Mich irritiert zunehmend, in welchem Tempo der Rechtsstaat geschwächt wird; Begründung:

  1. Wie stets, überzeugt mich bereits die Argumentation des BGH nicht, ungeschriebene Beweisverwertungsverbote seien nur ganz ausnahmsweise anzuerkennen. Dass es auch anders geht, ohne dass dies einen schwachen Staat zur Folge hat, zeigt das Beispiel der USA. Dort dürfen rechtswidrig gewonnene Beweise den Anklagevorwurf grundsätzlich nicht stützen. Ja, der amerikanische Strafprozess folgt nicht dem Inquisitionsprinzip, weswegen jeder Vergleich hinkt. Aber die derzeitige Doktrin des BGH stellt gar zu viele strafprozessuale Maßgaben in das völlige Belieben der Ermittlungsbehörden, weil selbst gezielte Missachtungen gänzlich folgenlos bleibt. Damit gerät die Strafprozessordnung, die ein faires Verfahren garantieren soll, in weiten Teilen zum bloßen Papiertiger.
  2. Dass das deutsche Recht zu Beweismitteln aus Quellen ausländischer Ermittlungsbehörden nichts weiter regelt, ist offenkundig eine Regelungslücke, die angesichts des mittlerweile regelmäßig stattfindenden Informationsaustauschs nicht hinnehmbar ist. Die lapidare Feststellung, das sei nun einmal so, ist mehr als unbefriedigend.
  3. Bei der (widerlegbaren) Vermutung, dass andere Mitgliedstaaten das Unionsrecht und insbesondere die Grundrechte einhielten, handelt es sich um eine wenig überzeugende Fiktion. Tatsächlich ist z. B. weder die Vollstreckung von Strafurteilen aus (allen) Mitgliedsstaaten in Deutschland ein Selbstläufer, noch die Vollstreckung deutscher Strafurteile in (allen) Mitgliedsstaaten – wobei es insofern auch keine widerlegbare Vermutung gibt, sondern stets geprüft wird, ob die Entscheidung in einem menschenrechtskonformen Verfahren ergangen ist bzw. die Haftbedingungen menschenrechtskonform sind.
  4. Dazu, welche Folgen eine bewusste Umgehung deutscher strafprozessualer Normen hat, hätte der BGH in einem obiter dictum Stellung beziehen können und sollen. Es ist zu befürchten, dass es auch hier auf den Einzelfall ankommen soll, dass also eine gezielte Missachtung der Anforderungen der StPO auch in dieser Art und Weise in den vielen Fällen folgenlos bleibt.

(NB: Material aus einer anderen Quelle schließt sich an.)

(* Let $p_i(n)=y_i(n)$ and let $q_i(n)\in\mathcal F(\mathcal O)$ be the unique functions satisfying $$\sum_{\ell=0}^N b_\alpha(\ell)v^\ell=\exp\Big(\frac12\sum_{n=0}^N\sum_{i=1}^s\alpha(h_i)q_i(n)v^n\Big)\ \text{in } \mathcal F(\mathcal O)\otimes\mathbb R[v]/\langle v^{N+1}\rangle\ \text{for all }\alpha\in\Delta.$$ Then $S=\{p_i(n),q_i(n):1\le i\le s,\ 0\le n\le N\}$ is a system of independent generators of the Poisson algebra $(\mathcal F(\mathcal O),\{-,-\}_R)$, and $$\{p_i(m),p_j(n)\}_R=\{q_i(m),q_j(n)\}_R=0,\qquad \{p_i(m),q_j(n)\}_R=\delta_{ij}\delta_{m+n,N}$$ for all $1\le i,j\le s$ and $0\le m,n\le N$.
   Context: Let $\mathfrak g$ be a finite-dimensional split simple real Lie algebra of rank $s$, split Cartan subalgebra $\mathfrak h$, roots $\Phi$, positive roots $\Phi_+$, base $\Delta$; $\mathfrak g\subseteq\mathfrak{gl}(M)$ via a faithful representation of minimal dimension, trace $\mathrm{tr}$. $h_1,\dots,h_s$ is a $\mathrm{tr}(xy)$-orthonormal basis of $\mathfrak h$; $e_\alpha\in\mathfrak g_\alpha,f_\alpha\in\mathfrak g_{-\alpha}$ with $\mathrm{tr}(e_\alpha f_\alpha)=1$. $\mathfrak g_N=\mathfrak g\otimes\mathbb R[u]/\langle u^{N+1}\rangle$, $x(i)$ = image of $x\otimes u^i$, $[x(i),y(j)]=[x,y](i+j)$. $R$ is linear with $R(h_i(j))=0$, $R(e_\alpha(j))=\frac12e_\alpha(j)$, $R(f_\alpha(j))=-\frac12f_\alpha(j)$; $\mathfrak g_N^R=(\mathfrak g_N,[X,Y]_R=[RX,Y]+[X,RY])$; $G_N^R$ a connected Lie group with Lie algebra $\mathfrak g_N^R$ acting on $\mathfrak g_N$ by the coadjoint action transported through $\nu(x)=(x|-)_N$, $(x(i)|y(j))_N=\delta_{i+j,N}\mathrm{tr}(xy)$. $\mathcal O=\mathrm{Ad}^*_R(G_N^R)x'$, $x'=\sum_{\alpha\in\Delta}(e_\alpha(0)+f_\alpha(0))$, an open subset of the $2s(N+1)$-dimensional space $\mathrm{Span}\{h_i(k),e_\alpha(k)+f_\alpha(k):\alpha\in\Delta,0\le k\le N\}$; each $L\in\mathcal O$ is $L=\sum_k\big(\sum_i y_i(k)h_i(k)+\sum_{\alpha\in\Delta}b_\alpha(k)(e_\alpha(k)+f_\alpha(k))\big)$, defining coordinates $y_i(k),b_\alpha(k)$. $\mathcal F(\mathcal O)$ is the algebra of smooth real functions on $\mathcal O$, with Poisson bracket $\{-,-\}_R$ induced by the Lie–Poisson structure of $\mathfrak g_N^R$: $\{y_i(k),y_j(\ell)\}_R=\{b_\alpha(k),b_\beta(\ell)\}_R=0$, $\{y_i(k),b_\alpha(\ell)\}_R=\frac12\alpha(h_i)b_\alpha(k+\ell-N)$ ($b_\alpha(m)=0$ for $m<0$), extended by the Leibniz rule. "Independent" means the differentials are linearly independent; "generators" means the coordinate functions $y_i(k),b_\alpha(k)$ are functions of elements of $S$. *)

theory Defs
  imports "HOL-Analysis.Analysis" "HOL-Computational_Algebra.Formal_Power_Series"
begin
text \<open>Homomorphism: phi A -> B preserving and reflecting the equivalence,
  with U_x phi \<subseteq> phi V_{x phi}, i.e. for each u there is v with
  phi(u z) = v(phi z) for all z in A.\<close>
definition lms_hom ::
  "'a set \<Rightarrow> ('a \<times> 'a) set \<Rightarrow> ('a \<Rightarrow> ('a \<Rightarrow> 'a) set) \<Rightarrow>
   'b set \<Rightarrow> ('b \<times> 'b) set \<Rightarrow> ('b \<Rightarrow> ('b \<Rightarrow> 'b) set) \<Rightarrow> ('a \<Rightarrow> 'b) \<Rightarrow> bool" where
  "lms_hom A R U B S V \<phi> \<longleftrightarrow>
     \<phi> \<in> A \<rightarrow> B \<and>
     (\<forall>x\<in>A. \<forall>x'\<in>A. (x, x') \<in> R \<longleftrightarrow> (\<phi> x, \<phi> x') \<in> S) \<and>
     (\<forall>x\<in>A. \<forall>u\<in>U x. \<exists>v\<in>V (\<phi> x). \<forall>z\<in>A. \<phi> (u z) = v (\<phi> z))"

definition induced_hom ::
  "'a set \<Rightarrow> ('b \<Rightarrow> ('b \<Rightarrow> 'b) set) \<Rightarrow> ('a \<Rightarrow> 'b) \<Rightarrow> 'a \<Rightarrow> ('a \<Rightarrow> 'a) \<Rightarrow> ('b \<Rightarrow> 'b)" where
  "induced_hom A V \<phi> x u = (THE v. v \<in> V (\<phi> x) \<and> (\<forall>z\<in>A. \<phi> (u z) = v (\<phi> z)))"

end

theory Submission
  imports Defs
begin

text \<open>Call two points opposite when they lie in different classes.  For each x, \<theta> x is
  surjective iff the image of \<phi> contains every point opposite \<phi> x: V (\<phi> x) acts sharply
  transitively on these points, and \<theta> x u maps \<phi> y to \<phi> (u y) for y opposite x.  Once the
  image contains all points opposite \<phi> x, the class of \<phi> x is reached as well, by transporting
  points opposite \<phi> x with \<theta> y u, where y is opposite x and u \<in> U y maps x to a point
  opposite both x and y.\<close>

lemma Sym_equiv_bij_betw: "g \<in> Sym_equiv A R \<Longrightarrow> bij_betw g A A"
  unfolding Sym_equiv_def Bij_def by auto

lemma Sym_equiv_related_iff:
  "g \<in> Sym_equiv A R \<Longrightarrow> x \<in> A \<Longrightarrow> y \<in> A \<Longrightarrow> (g x, g y) \<in> R \<longleftrightarrow> (x, y) \<in> R"
  unfolding Sym_equiv_def by blast

lemma local_moufang_setD:
  assumes "local_moufang_set A R U"
  shows "equiv A R" and "infinite (A // R) \<or> card (A // R) > 2"
    and "\<forall>x\<in>A. subgroup (U x) (BijGroup A) \<and> U x \<subseteq> Sym_equiv A R"
    and "\<forall>x\<in>A. (\<forall>u\<in>U x. u x = x) \<and>
        (\<forall>y\<in>A - R``{x}. \<forall>z\<in>A - R``{x}. \<exists>!u. u \<in> U x \<and> u y = z)"
  by (insert assms[unfolded local_moufang_set_def], elim conjE, assumption)+

lemma local_moufang_set_root_Sym_equiv:
  "local_moufang_set A R U \<Longrightarrow> x \<in> A \<Longrightarrow> u \<in> U x \<Longrightarrow> u \<in> Sym_equiv A R"
  using local_moufang_setD(3) by blast

lemma local_moufang_set_root_fixes:
  "local_moufang_set A R U \<Longrightarrow> x \<in> A \<Longrightarrow> u \<in> U x \<Longrightarrow> u x = x"
  using local_moufang_setD(4) by blast

lemma local_moufang_set_root_sharply_transitive:
  assumes "local_moufang_set A R U" "x \<in> A" "y \<in> A" "z \<in> A" "(x, y) \<notin> R" "(x, z) \<notin> R"
  shows "\<exists>!u. u \<in> U x \<and> u y = z"
  using local_moufang_setD(4)[OF assms(1)] assms(2-6) by blast

lemma local_moufang_set_root_exists:
  assumes "local_moufang_set A R U" "x \<in> A" "y \<in> A" "z \<in> A" "(x, y) \<notin> R" "(x, z) \<notin> R"
  obtains u where "u \<in> U x" "u y = z"
  using local_moufang_set_root_sharply_transitive[OF assms] by blast

lemma local_moufang_set_root_maps_into:
  assumes "local_moufang_set A R U" "x \<in> A" "u \<in> U x" "y \<in> A"
  shows "u y \<in> A"
  using bij_betwE[OF Sym_equiv_bij_betw[OF local_moufang_set_root_Sym_equiv[OF assms(1-3)]]]
    assms(4) by blast

lemma local_moufang_set_root_opposite_iff:
  assumes "local_moufang_set A R U" "x \<in> A" "u \<in> U x" "y \<in> A"
  shows "(x, u y) \<in> R \<longleftrightarrow> (x, y) \<in> R"
  using Sym_equiv_related_iff[OF local_moufang_set_root_Sym_equiv[OF assms(1-3)] assms(2,4)]
    local_moufang_set_root_fixes[OF assms(1-3)] by simp

lemma local_moufang_set_root_eqI:
  assumes "local_moufang_set A R U" "x \<in> A" "y \<in> A" "(x, y) \<notin> R"
    and "u \<in> U x" "u' \<in> U x" "u y = u' y"
  shows "u = u'"
proof -
  have "u y \<in> A" "(x, u y) \<notin> R"
    using local_moufang_set_root_maps_into[OF assms(1,2,5,3)]
      local_moufang_set_root_opposite_iff[OF assms(1,2,5,3)] assms(4) by simp_all
  then have "\<exists>!w. w \<in> U x \<and> w y = u y"
    using local_moufang_set_root_sharply_transitive[OF assms(1-3) _ assms(4)] by blast
  then show ?thesis using the1_equality assms(5-7) by metis
qed

lemma local_moufang_set_exists_opposite:
  assumes "local_moufang_set A R U" "x \<in> A" "y \<in> A"
  obtains z where "z \<in> A" "(x, z) \<notin> R" "(y, z) \<notin> R"
proof -
  have eq: "equiv A R" and big: "infinite (A // R) \<or> card (A // R) > 2"
    using local_moufang_setD(1,2)[OF assms(1)] .
  have "\<not> A // R \<subseteq> {R``{x}, R``{y}}"
  proof
    assume sub: "A // R \<subseteq> {R``{x}, R``{y}}"
    then have fin: "finite (A // R)" by (rule finite_subset) simp
    have "card (A // R) \<le> card {R``{x}, R``{y}}" using card_mono[OF _ sub] by simp
    also have "\<dots> \<le> 2" by (simp add: card_insert_if)
    finally show False using big fin by simp
  qed
  then obtain C where C: "C \<in> A // R" "C \<noteq> R``{x}" "C \<noteq> R``{y}" by blast
  from C(1) obtain z where z: "z \<in> A" "C = R``{z}" by (rule quotientE)
  have "(x, z) \<notin> R" using C(2) z(2) equiv_class_eq[OF eq, of x z] by auto
  moreover have "(y, z) \<notin> R" using C(3) z(2) equiv_class_eq[OF eq, of y z] by auto
  ultimately show thesis using z(1) that by blast
qed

Praxis der Strafverteidigung

Es ist zu hoffen, dass die Frage dem Bundesverfassungsgericht und ggf. auch dem Europäischen Gerichtshof für Menschenrechte vorgelegt wird. Die Praxis der Strafverteidigung hat sich jedenfalls bis auf weiteres darauf einzustellen, dass sämtliche Kommunikationsdaten in derlei Verfahren in zulässiger Weise gegen den Mandanten verwendet werden dürfen – vom praxisfernen Fall der Folter einmal abgesehen.

Ausblick

Wie schnell dann mit wenigen Äußerungen in einem Chat eine Verurteilung wegen Handels mit Betäubungsmitteln droht, soll in einem Folgebeitrag dargestellt werden. Hierzu besteht bei vielen Mandanten große Unkenntnis.